Posted by: Terry Burnes | Tuesday, 30 March 2021 at 11:46 AM
Also, amused that the phrase "spray-and-pray" has made it over into photography (from firearms) with the negative connotations intact!
Posted by: David Dyer-Bennet | Tuesday, 30 March 2021 at 04:21 PM
The issue of photography and art has amused me for years. It’s really interesting when you get someone like Barbara Kasten
http://www.artnet.com/artists/barbara-kasten/
Ske builds acrylic sculptures to create photos of the light created.!
We have been watching Art in the 20th Century on PBS which covers her in the Chicago shoe in Season 8.
Posted by: JimH | Tuesday, 30 March 2021 at 04:37 PM
Cindy Sherman has been discussed here several times before. I remember one comment wondering what she really looked like. Well PBS Art 21 has a feature on her that is fascinating and lets you see the real Cindy Sherman: https://art21.org/artist/cindy-sherman/
Posted by: JimH | Tuesday, 30 March 2021 at 04:42 PM
In response to Thomas Mc Cann, the columnist he recalls is possibly Victor Blackman, a veteran of the Fleet Street press pack and a contributor to AP for many years.
Posted by: Simon | Tuesday, 30 March 2021 at 05:03 PM
For me personally, a day out on the street means 10 to 20 shots.
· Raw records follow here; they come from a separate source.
lemma sum_tail_A_event_expectation_le:
  fixes X :: "nat \<Rightarrow> 'a \<Rightarrow> real"
  assumes meas: "\<And>k. k \<ge> 1 \<Longrightarrow> X k \<in> borel_measurable M"
    and distr: "\<And>k. k \<ge> 1 \<Longrightarrow> distr M borel (X k) = distr M borel (X 1)"
    and sq: "integrable M (\<lambda>\<omega>. (X 1 \<omega>)\<^sup>2)"
    and "0 < s" "2 \<le> m" and small: "\<forall>k > m. \<forall>x. A_event a k \<rho> s x \<longrightarrow> real k < x\<^sup>2"
  shows "(\<Sum>n<N. let k = n + m + 1 in
            wgt a s k * expectation (\<lambda>\<omega>. \<bar>X k \<omega>\<bar> * (if A_event a k \<rho> s (X k \<omega>) then 1 else 0)))
           \<le> 2 * ln_powr_const a s * expectation (\<lambda>\<omega>. (X 1 \<omega>)\<^sup>2)"
proof -
  let ?K = "(\<lambda>n. n + m + 1) ` {..<N}"
  have "(\<Sum>n<N. let k = n + m + 1 in
          wgt a s k * expectation (\<lambda>\<omega>. \<bar>X k \<omega>\<bar> * (if A_event a k \<rho> s (X k \<omega>) then 1 else 0)))
      = (\<Sum>k\<in>?K. wgt a s k * expectation (\<lambda>\<omega>. \<bar>X k \<omega>\<bar> * (if A_event a k \<rho> s (X k \<omega>) then 1 else 0)))"
    by (simp add: sum.reindex inj_on_def Let_def)
  also have "\<dots> \<le> 2 * ln_powr_const a s * expectation (\<lambda>\<omega>. (X 1 \<omega>)\<^sup>2)"
  proof (rule sum_weighted_tail_expectation_le[where X = X, OF meas distr sq])
    show "finite ?K" "0 \<notin> ?K" "0 \<le> ln_powr_const a s"
      by (auto simp: ln_powr_const_nonneg)
    show "0 \<le> wgt a s k \<and> wgt a s k \<le> ln_powr_const a s / sqrt (real k)" if "k \<in> ?K" for k
      using that assms(4,5) by (auto simp: wgt_nonneg intro!: wgt_le)
    show "Measurable.pred borel (A_event a k \<rho> s)" for k
      unfolding A_event_def by measurable
    show "real k < x\<^sup>2" if "k \<in> ?K" "A_event a k \<rho> s x" for k x
      using that small[rule_format, of k x] by auto
  qed
  finally show ?thesis .
qed
(* Let $x\sim\mathcal N(0,I_d)$ and $\gamma(z)\defeq\frac{e^z(1-e^z)}{(1+e^z)^3}$. Fix $\theta\in\mathbb{R}^d$ with $c<\|\theta\|_2<C$ for constants $0<c<C$, and let $t=\|\theta\|_2$. Then $\mathbb{E}\big[\gamma(\langle x,\theta\rangle)\,x^{\otimes3}\big]=a(t)\,\theta^{\otimes3}+b(t)\,\mathrm{sym}(I\otimes\theta),$ where, with $Z\sim\mathcal N(0,1)$, $b(t)=\frac1t\mathbb{E}[Z\gamma(tZ)]$ and $a(t)=\frac1{t^3}\big(\mathbb{E}[Z^3\gamma(tZ)]-3\mathbb{E}[Z\gamma(tZ)]\big)$. Moreover, there are constants $c_1,c_2>0$ depending only on $c,C$ such that for every $v\in\mathbb{R}^d$, $-c_2\|v\|_2^2\le \mathbb{E}\big[\gamma(\langle x,\theta\rangle)\langle x,v\rangle^2\langle x,\theta\rangle\big]\le -c_1\|v\|_2^2.$
   Context: $\gamma$ is the third derivative of $z\mapsto\log(1+e^{-z})$ (equivalently the derivative of $\sigma(z)(1-\sigma(z))$ with $\sigma$ the sigmoid). $\mathrm{sym}(I\otimes\theta)$ denotes the 3-tensor with entries $\delta_{jk}\theta_i+\delta_{ik}\theta_j+\delta_{ij}\theta_k$. *)

theory Defs
  imports "HOL-Probability.Probability"
begin

definition gam :: "real \<Rightarrow> real" where
  "gam z = exp z * (1 - exp z) / (1 + exp z) ^ 3"

definition std_normal_M :: "real measure" where
  "std_normal_M = density lborel std_normal_density"

text \<open>Standard Gaussian N(0, I_d) on R^d, with R^d represented as functions
  on the index set {..<d} (product measure of d independent N(0,1) coordinates).\<close>
definition gauss_vec :: "nat \<Rightarrow> (nat \<Rightarrow> real) measure" where
  "gauss_vec d = PiM {..<d} (\<lambda>_. std_normal_M)"

definition ip :: "nat \<Rightarrow> (nat \<Rightarrow> real) \<Rightarrow> (nat \<Rightarrow> real) \<Rightarrow> real" where
  "ip d x y = (\<Sum>i<d. x i * y i)"

definition vnorm :: "nat \<Rightarrow> (nat \<Rightarrow> real) \<Rightarrow> real" where
  "vnorm d x = sqrt (ip d x x)"

definition coef_b :: "real \<Rightarrow> real" where
  "coef_b t = (1 / t) * (\<integral>z. z * gam (t * z) \<partial>std_normal_M)"

definition coef_a :: "real \<Rightarrow> real" where
  "coef_a t = (1 / t ^ 3) * ((\<integral>z. z ^ 3 * gam (t * z) \<partial>std_normal_M)
                            - 3 * (\<integral>z. z * gam (t * z) \<partial>std_normal_M))"

definition kd :: "nat \<Rightarrow> nat \<Rightarrow> real" where
  "kd i j = (if i = j then 1 else 0)"

end

theory Submission
  imports Defs "HOL-Real_Asymp.Real_Asymp" "HOL-Computational_Algebra.Polynomial"
begin

text \<open>
  Gaussian integration by parts, \<open>E[x\<^sub>k F(x)] = E[\<partial>\<^sub>k F(x)]\<close>, applied to a derivative
  of \<open>\<gamma>\<close> at \<open>\<langle>x, \<theta>\<rangle>\<close> times a coordinate monomial lowers the degree of the monomial by one
  at the price of one more derivative of \<open>\<gamma>\<close>. Three such steps give
  \<open>E[\<gamma>(\<langle>x, \<theta>\<rangle>) x\<^sub>i x\<^sub>j x\<^sub>k] = \<theta>\<^sub>i \<theta>\<^sub>j \<theta>\<^sub>k E[\<gamma>'''(\<langle>x, \<theta>\<rangle>)] + sym(I \<otimes> \<theta>)\<^sub>i\<^sub>j\<^sub>k E[\<gamma>'(\<langle>x, \<theta>\<rangle>)]\<close>.
  Since \<open>\<langle>x, \<theta>\<rangle>\<close> has law \<open>N(0, t\<^sup>2)\<close> with \<open>t = |\<theta>|\<close>, these are the one-dimensional
  expectations \<open>E[\<gamma>'''(tZ)]\<close> and \<open>E[\<gamma>'(tZ)]\<close>, which the one-dimensional identity
  \<open>E[Z h(Z)] = E[h'(Z)]\<close> identifies with \<open>a(t)\<close> and \<open>b(t)\<close>. All derivatives of \<open>\<gamma>\<close> are
  polynomials in the sigmoid, hence bounded, so every integrand is dominated by a polynomial weight.

  Contracting the tensor with \<open>v, v, \<theta>\<close> writes \<open>E[\<gamma>(\<langle>x, \<theta>\<rangle>) \<langle>x, v\<rangle>\<^sup>2 \<langle>x, \<theta>\<rangle>]\<close> as
  \<open>E\<^sub>3 w\<^sub>3 + E\<^sub>1 w\<^sub>1\<close> with \<open>E\<^sub>k = E[Z\<^sup>k \<gamma>(tZ)]\<close>, \<open>w\<^sub>3 = \<langle>v, \<theta>\<rangle>\<^sup>2 / t\<close> and
  \<open>w\<^sub>1 = t |v|\<^sup>2 - w\<^sub>3\<close>, both nonnegative by Cauchy-Schwarz. For odd \<open>k\<close> the integrand
  \<open>z\<^sup>k \<gamma>(tz)\<close> is nonpositive and bounded away from zero on \<open>[1, 2]\<close> uniformly in
  \<open>t \<in> [c, C]\<close>, so \<open>E\<^sub>1\<close> and \<open>E\<^sub>3\<close> lie in \<open>[-2, -m(c, C)]\<close>.
\<close>

section \<open>Gaussian integration by parts on the real line\<close>

lemma prob_space_std_normal_M: "prob_space std_normal_M"
  unfolding std_normal_M_def by (rule prob_space_normal_density) simp

lemma sets_std_normal_M [measurable_cong, simp]: "sets std_normal_M = sets borel"
  by (simp add: std_normal_M_def)

lemma space_std_normal_M [simp]: "space std_normal_M = UNIV"
  by (simp add: std_normal_M_def)

lemma integral_std_normal_M:
  "f \<in> borel_measurable borel \<Longrightarrow>
    (\<integral>x. f x \<partial>std_normal_M) = (\<integral>x. std_normal_density x * f x \<partial>lborel)"
  unfolding std_normal_M_def by (subst integral_density) auto

lemma integrable_std_normal_M_iff:
  "f \<in> borel_measurable borel \<Longrightarrow>
    integrable std_normal_M f \<longleftrightarrow> integrable lborel (\<lambda>x. std_normal_density x * f x)"
  unfolding std_normal_M_def by (subst integrable_density) auto

lemma integrable_std_normal_M_power: "integrable std_normal_M (\<lambda>x. x ^ k)"
  using integrable_std_normal_moment[of k] by (simp add: integrable_std_normal_M_iff)

lemma integrable_std_normal_M_poly_weight: "integrable std_normal_M (\<lambda>x. (1 + x\<^sup>2) ^ n)"
proof -
  have binomial: "(1 + x\<^sup>2) ^ n = (\<Sum>k\<le>n. of_nat (n choose k) * x ^ (2 * k))" for x :: real
    using binomial_ring[of "x\<^sup>2" 1 n] by (simp add: add.commute power_mult)
  show ?thesis
    unfolding binomial by (intro Bochner_Integration.integrable_sum
        Bochner_Integration.integrable_mult_right integrable_std_normal_M_power)
qed

lemma integrable_std_normal_M_poly_bounded:
  fixes f :: "real \<Rightarrow> real"
  assumes "f \<in> borel_measurable borel" and "\<And>x. \<bar>f x\<bar> \<le> K * (1 + x\<^sup>2) ^ n"
  shows "integrable std_normal_M f"
proof (rule Bochner_Integration.integrable_bound)
  show "integrable std_normal_M (\<lambda>x. K * (1 + x\<^sup>2) ^ n)"
    using integrable_std_normal_M_poly_weight by simp
  show "AE x in std_normal_M. norm (f x) \<le> norm (K * (1 + x\<^sup>2) ^ n)"
    using order_trans[OF assms(2) abs_ge_self] by (intro AE_I2) simp
qed (use assms(1) in measurable)

lemma abs_le_one_plus_square: "\<bar>x :: real\<bar> \<le> 1 + x\<^sup>2"
proof -
  have "0 \<le> (\<bar>x\<bar> - 1)\<^sup>2" by simp
  then show ?thesis by (simp add: power2_diff)
qed

lemma abs_power_le_poly_weight: "k \<le> n \<Longrightarrow> \<bar>x :: real\<bar> ^ k \<le> (1 + x\<^sup>2) ^ n"
  using power_mono[OF abs_le_one_plus_square[of x] abs_ge_zero, of k]
    power_increasing[of k n "1 + x\<^sup>2 :: real"]
  by simp

lemma abs_power_mult_le_poly_weight:
  fixes z b :: real
  assumes "\<bar>b\<bar> \<le> B" and "l \<le> k"
  shows "\<bar>z ^ l * b\<bar> \<le> B * (1 + z\<^sup>2) ^ k"
  using mult_mono[OF assms(1) abs_power_le_poly_weight[OF assms(2)]] order_trans[OF abs_ge_zero assms(1)]
  by (simp add: abs_mult power_abs mult.commute)

lemma bounded_range_common_bound:
  fixes f g :: "'a \<Rightarrow> real"
  assumes "bounded (range f)" and "bounded (range g)"
  obtains B where "\<And>u. \<bar>f u\<bar> \<le> B" and "\<And>u. \<bar>g u\<bar> \<le> B"
proof -
  obtain B1 B2 where "\<And>u. \<bar>f u\<bar> \<le> B1" and "\<And>u. \<bar>g u\<bar> \<le> B2"
    using assms unfolding bounded_iff by auto
  then show thesis
    by (intro that[of "max B1 B2"]) (auto intro: le_max_iff_disj[THEN iffD2])
qed

lemma tendsto_poly_weight_std_normal_density:
  "((\<lambda>y. K * (1 + y\<^sup>2) ^ n * std_normal_density y) \<longlongrightarrow> 0) at_top"
  "((\<lambda>y. K * (1 + y\<^sup>2) ^ n * std_normal_density y) \<longlongrightarrow> 0) at_bot"
  unfolding std_normal_density_def by real_asymp+
text \<open>If Char(G) were isomorphic to A \<times> B with A and B nontrivial, the preimages H of
(top, bot) and K of (bot, top) would be nontrivial characteristic subgroups with H \<inter> K = 1 and
HK = G, because Char(G) is closed under intersections and products. But such an H is never
characteristic: pick a maximal subgroup N containing K, an element x of H outside N and an element
y of K of order p. As G/N is cyclic of order p and generated by the image of x, each g lies in a
coset x^c(g) N with c(g) unique modulo p, and g \<mapsto> g y^c(g) is an automorphism of G mapping x
to xy, which lies outside H.\<close>

definition maximal_subgroup :: "'a set \<Rightarrow> ('a, 'b) monoid_scheme \<Rightarrow> bool" where
  "maximal_subgroup N G \<longleftrightarrow> subgroup N G \<and> N \<noteq> carrier G \<and>
     (\<forall>L. subgroup L G \<longrightarrow> N \<subseteq> L \<longrightarrow> L = N \<or> L = carrier G)"

lemma (in group) subset_set_mult_left:
  assumes "H \<subseteq> carrier G" and "subgroup K G"
  shows "H \<subseteq> H <#> K"
proof
  fix h assume "h \<in> H"
  then have "h = h \<otimes> \<one>" and "\<one> \<in> K"
    using assms subgroup.one_closed by auto
  then show "h \<in> H <#> K" unfolding set_mult_def using \<open>h \<in> H\<close> by blast
qed

lemma (in group) subset_set_mult_right:
  assumes "subgroup H G" and "K \<subseteq> carrier G"
  shows "K \<subseteq> H <#> K"
proof
  fix k assume "k \<in> K"
  then have "k = \<one> \<otimes> k" and "\<one> \<in> H"
    using assms subgroup.one_closed by auto
  then show "k \<in> H <#> K" unfolding set_mult_def using \<open>k \<in> K\<close> by blast
qed

lemma (in group) int_pow_coprime_mem:
  assumes "subgroup N G" "x \<in> carrier G" "x [^] (a::int) \<in> N" "x [^] (b::int) \<in> N" "coprime a b"
  shows "x \<in> N"
proof -
  obtain u v where uv: "u * a + v * b = 1"
    using bezout_int[of a b] assms(5) by (metis coprime_iff_gcd_eq_1)
  have "x = x [^] (a * u + b * v)" using uv assms(2) by (simp add: algebra_simps)
  also have "\<dots> = (x [^] a) [^] u \<otimes> (x [^] b) [^] v"
    using assms(2) by (simp add: int_pow_mult int_pow_pow)
  also have "\<dots> \<in> N" using assms
    by (simp add: subgroup.m_closed subgroup_int_pow_closed)
  finally show ?thesis .
qed

lemma (in group) exists_maximal_subgroup:
  assumes "finite (carrier G)" and "subgroup K G" and "K \<noteq> carrier G"
  obtains N where "maximal_subgroup N G" and "K \<subseteq> N"
proof -
  define S where "S = {L. subgroup L G \<and> K \<subseteq> L \<and> L \<noteq> carrier G}"
  have "S \<subseteq> Pow (carrier G)" unfolding S_def using subgroup.subset by blast
  then have "finite S" using assms(1) finite_subset by blast
  moreover have "K \<in> S" using assms unfolding S_def by blast
  ultimately have "Max (card ` S) \<in> card ` S" by (intro Max_in) auto
  then obtain N where N: "N \<in> S" and N_card: "card N = Max (card ` S)" by (metis imageE)
  have N_max: "card L \<le> card N" if "L \<in> S" for L
    using N_card Max_ge \<open>finite S\<close> that by simp
  have "L = N \<or> L = carrier G" if L: "subgroup L G" "N \<subseteq> L" for L
  proof (rule disjCI)
    assume "L \<noteq> carrier G"
    then have "card L \<le> card N" using L N by (intro N_max) (auto simp: S_def)
    moreover have "finite L" using L(1) subgroup.subset assms(1) finite_subset by blast
    ultimately show "L = N" using card_seteq L(2) by blast
  qed
  then show ?thesis using N that unfolding S_def maximal_subgroup_def by blast
qed

lemma (in comm_group) maximal_subgroup_set_mult_generate:
  assumes "maximal_subgroup N G" and "z \<in> carrier G" and "z \<notin> N"
  shows "N <#> generate G {z} = carrier G"
proof -
  have N: "subgroup N G" using assms(1) unfolding maximal_subgroup_def by blast
  have Z: "subgroup (generate G {z}) G" using assms(2) by (simp add: generate_is_subgroup)
  have "z \<in> N <#> generate G {z}"
    using subset_set_mult_right[OF N, of "generate G {z}"] generate.incl[of z "{z}" G] Z subgroup.subset
    by blast
  then show ?thesis
    using assms(1,3) mult_subgroups[OF N Z] subset_set_mult_left[OF subgroup.subset[OF N] Z]
    unfolding maximal_subgroup_def by blast
qed

lemma (in comm_group) maximal_subgroup_cosets_int_pow:
  assumes "maximal_subgroup N G" and "z \<in> carrier G" and "z \<notin> N" and "g \<in> carrier G"
  obtains i :: int where "g \<otimes> inv (z [^] i) \<in> N"
proof -
  have "g \<in> N <#> generate G {z}"
    using maximal_subgroup_set_mult_generate[OF assms(1-3)] assms(4) by blast
  then obtain m i where m: "m \<in> N" and g: "g = m \<otimes> z [^] (i::int)"
    unfolding set_mult_def generate_pow[OF assms(2)] by blast
  have "m \<in> carrier G"
    using m assms(1) subgroup.subset unfolding maximal_subgroup_def by blast
  then have "g \<otimes> inv (z [^] i) = m" using g assms(2) by (simp add: m_assoc)
  then show ?thesis using m by (intro that[of i]) simp
qed

lemma (in comm_group) maximal_subgroup_int_pow_prime_mem:
  assumes "order G = p ^ n" and N: "maximal_subgroup N G" and x: "x \<in> carrier G"
  shows "x [^] int p \<in> N"
proof (rule ccontr)
  assume "x [^] int p \<notin> N"
  then have "x \<notin> N" using N x subgroup_int_pow_closed unfolding maximal_subgroup_def by blast
  have NG: "subgroup N G" using N unfolding maximal_subgroup_def by blast
  obtain i :: int where "x \<otimes> inv ((x [^] int p) [^] i) \<in> N"
    by (rule maximal_subgroup_cosets_int_pow[OF N int_pow_closed[OF x] \<open>x [^] int p \<notin> N\<close> x])
  then have "x [^] (1 - int p * i) \<in> N" using x by (simp add: int_pow_diff int_pow_pow)
  moreover have "x [^] int (p ^ n) = \<one>"
    using pow_order_eq_1[OF x] assms(1) by (simp only: int_pow_int)
  then have "x [^] int (p ^ n) \<in> N" using subgroup.one_closed[OF NG] by simp
  moreover have "coprime (1 - int p * i) (int p)"
  proof (rule coprimeI)
    fix c assume "c dvd 1 - int p * i" and "c dvd int p"
    then have "c dvd (1 - int p * i) + int p * i" by (intro dvd_add) simp_all
    then show "is_unit c" by simp
  qed
  then have "coprime (1 - int p * i) (int (p ^ n))" by simp
  ultimately have "x \<in> N" using int_pow_coprime_mem[OF NG x] by blast
  then show False using \<open>x \<notin> N\<close> by blast
qed

lemma (in comm_group) maximal_subgroup_int_pow_mem_iff:
  assumes p: "Factorial_Ring.prime p" and ord: "order G = p ^ n"
    and N: "maximal_subgroup N G" and x: "x \<in> carrier G" "x \<notin> N"
  shows "x [^] (t::int) \<in> N \<longleftrightarrow> int p dvd t"
proof -
  have NG: "subgroup N G" using N unfolding maximal_subgroup_def by blast
  have x_p: "x [^] int p \<in> N" by (rule maximal_subgroup_int_pow_prime_mem[OF ord N x(1)])
  show ?thesis
  proof
    assume t: "x [^] t \<in> N"
    show "int p dvd t"
    proof (rule ccontr)
      assume "\<not> int p dvd t"
      then have "coprime (int p) t" using p by (simp add: prime_imp_coprime)
      then show False using int_pow_coprime_mem[OF NG x(1) x_p t] x(2) by blast
    qed
  next
    assume "int p dvd t"
    then obtain q where "t = int p * q" by (elim dvdE)
    then show "x [^] t \<in> N"
      using subgroup_int_pow_closed[OF NG x_p] x(1) by (simp add: int_pow_pow)
  qed
qed

lemma (in group) exists_ord_eq_prime:
  assumes "Factorial_Ring.prime p" and "order G = p ^ n"
    and "subgroup K G" and "K \<noteq> {\<one>}"
  obtains y where "y \<in> K" and "ord y = p"
proof -
  obtain z where z: "z \<in> K" "z \<noteq> \<one>"
    using assms(3,4) subgroup.one_closed by blast
  have zc: "z \<in> carrier G" using z(1) assms(3) subgroup.subset by blast
  obtain k where k: "ord z = p ^ k"
    using ord_dvd_group_order[OF zc] assms(1,2) divides_primepow_nat by auto
  have "k \<noteq> 0" using k z(2) ord_eq_1[OF zc] by auto
  then have "ord (z [^] (p ^ (k - 1))) = p ^ k div p ^ (k - 1)"
    using ord_pow[OF zc] k assms(1) by (simp add: le_imp_power_dvd prime_gt_0_nat)
  also have "\<dots> = p" using \<open>k \<noteq> 0\<close> assms(1) by (cases k) (auto simp: prime_gt_0_nat)
  finally have "ord (z [^] (p ^ (k - 1))) = p" .
  moreover have "z [^] (p ^ (k - 1)) \<in> K"
    using subgroup_int_pow_closed[OF assms(3) z(1), of "int (p ^ (k - 1))"]
    by (simp only: int_pow_int)
  ultimately show ?thesis using that by blast
qed
(* Fix $X\in\mathbb R^{n\times p}$ and $\mathbf y\in\mathbb R^n$ such that $X^{\top}X$ is invertible. Fix $\eta\in(0,1)$ and $\nu\in(0,1/e)$. Let $\widetilde{X^{\top}X}=X^{\top}X+N$ and $\widetilde{X^{\top}\mathbf y}=X^{\top}\mathbf y+\mathbf n$, where each entry of the $p\times p$ matrix $N$ and of the vector $\mathbf n\in\mathbb R^p$ is sampled i.i.d. from $\mathcal N(0,\sigma^2)$. Let $\hat{\boldsymbol\beta}=(X^{\top}X)^{-1}X^{\top}\mathbf y$ and $\tilde{\boldsymbol\beta}=(\widetilde{X^{\top}X})^{-1}\widetilde{X^{\top}\mathbf y}$. Then there exists a constant $C\ge1$ such that if $\sigma_{\min}(X^{\top}X)\ge\frac{2C}{\eta}\cdot\sigma\sqrt p\log(1/\nu)$, then with probability at least $1-\nu$, \[ \left\|\tilde{\boldsymbol\beta}-\hat{\boldsymbol\beta}\right\|\le2\eta\|\hat{\boldsymbol\beta}\|+\frac{\eta}{C}. \]
   Context: $\sigma_{\min}(M)$ denotes the least singular value of $M$; $\|\cdot\|$ is the Euclidean norm. *)

theory Defs
  imports "HOL-Probability.Probability" "Jordan_Normal_Form.Gauss_Jordan_Elimination"
    "Jordan_Normal_Form.Char_Poly"
begin

definition vnorm :: "real vec \<Rightarrow> real" where
  "vnorm v = sqrt (\<Sum>i<dim_vec v. (v $ i)\<^sup>2)"

definition sigma_min :: "real mat \<Rightarrow> real" where
  "sigma_min M = sqrt (Min {k. eigenvalue (transpose_mat M * M) k})"

text \<open>Matrix inverse (convention: zero matrix if singular; irrelevant, probability 0).\<close>
definition minv :: "real mat \<Rightarrow> real mat" where
  "minv A = (case mat_inverse A of Some B \<Rightarrow> B | None \<Rightarrow> 0\<^sub>m (dim_row A) (dim_col A))"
I do photography for my own creative pleasure and that is how I enjoy the process most. If I had clients to serve or book contracts to meet, I probably would act differently, but I don't.
The occasional photograph taken emerges from the many that are deliberately not taken. The event of the realised photograph occurs when the choice not to take the shot does not happen.
I am talking digital here. In my medium format film days, I'd come home with 1 or 2 rolls, so not much has changed.